** Exercise **
Using the entries that follow, give only the number of lines with the word "Rightarrow" in them.

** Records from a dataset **

(* Let $P$ be an integer. For integers $A,B$ consider the equation $\sigma_2(n)-n^2=An+B$ in positive integers $n$. Then every solution $n$ with $n>(|A|+|B|)^3$ has the following form (so all solutions not of this form are among the finitely many $n\le(|A|+|B|)^3$, which can be computed): (1) if $P^2+4$ is square-free, $A=P^2+2$ and $B=-P^4-4P^2+1$: $n=V_{2k}(P,-1)\,V_{2k+2}(P,-1)$ for some integer $k\ge 0$, with $V_{2k}(P,-1)$ and $V_{2k+2}(P,-1)$ both prime; (2) if $P^2+4$ is square-free, $A=P^2+2$ and $B=P^4+4P^2+1$: $n=V_{2k-1}(P,-1)\,V_{2k+1}(P,-1)$ for some integer $k\ge 1$, with $V_{2k-1}(P,-1)$ and $V_{2k+1}(P,-1)$ both prime; (3) if $P^2-4$ is square-free, $A=P^2-2$ and $B=-P^4+4P^2+1$: $n=V_{k-1}(P,1)\,V_{k+1}(P,1)$ for some integer $k\ge 1$, with $V_{k-1}(P,1)$ and $V_{k+1}(P,1)$ both prime.
   Context: For a positive integer $n$ and $k\ge 0$, $\sigma_k(n)=\sum_{d\mid n,\ d>0} d^k$. For integers $P,Q$, the Lucas sequences are defined for $j\ge 0$ by $U_0(P,Q)=0$, $U_1(P,Q)=1$, $U_j(P,Q)=P\,U_{j-1}(P,Q)-Q\,U_{j-2}(P,Q)$ for $j>1$, and $V_0(P,Q)=2$, $V_1(P,Q)=P$, $V_j(P,Q)=P\,V_{j-1}(P,Q)-Q\,V_{j-2}(P,Q)$ for $j>1$. An integer is square-free if it is not divisible by the square of any prime (in particular it is nonzero). *)

theory Defs
  imports "HOL-Computational_Algebra.Computational_Algebra"
begin

definition sigma :: "nat \<Rightarrow> nat \<Rightarrow> nat" where
  "sigma k n = (\<Sum>d \<in> {d. d dvd n \<and> d > 0}. d ^ k)"

fun lucasV :: "int \<Rightarrow> int \<Rightarrow> nat \<Rightarrow> int" where
  "lucasV P Q 0 = 2"
| "lucasV P Q (Suc 0) = P"
| "lucasV P Q (Suc (Suc j)) = P * lucasV P Q (Suc j) - Q * lucasV P Q j"

end

(*
  For n > C^3, C = |A| + |B|, the equation forces n = p q with primes p < q and
  1 + p^2 + q^2 = A p q + B: the least prime factor p of n must exceed C, so the
  cofactor, being less than C p < p^2, is prime.  For A = P^2 - 2Q with Q = 1 or -1,
  completing the square in q turns this into the Pell-type equation
  p^2 - (P^2 - 4Q) w^2 = +-4, provided P^2 - 4Q is squarefree, with
  2q = A p + P (P^2 - 4Q) w.  The descent (x, w) |-> (V_(m-1), U_(m-1)) shows that
  the positive solutions are exactly the Lucas pairs (V_m, U_m), so p = V_m and
  q = V_(m+2) or V_(m-2); the sign of the norm, 4 Q^m, fixes the parity of m.
*)
theory Submission
  imports Defs
begin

** Answer to this exercise **
2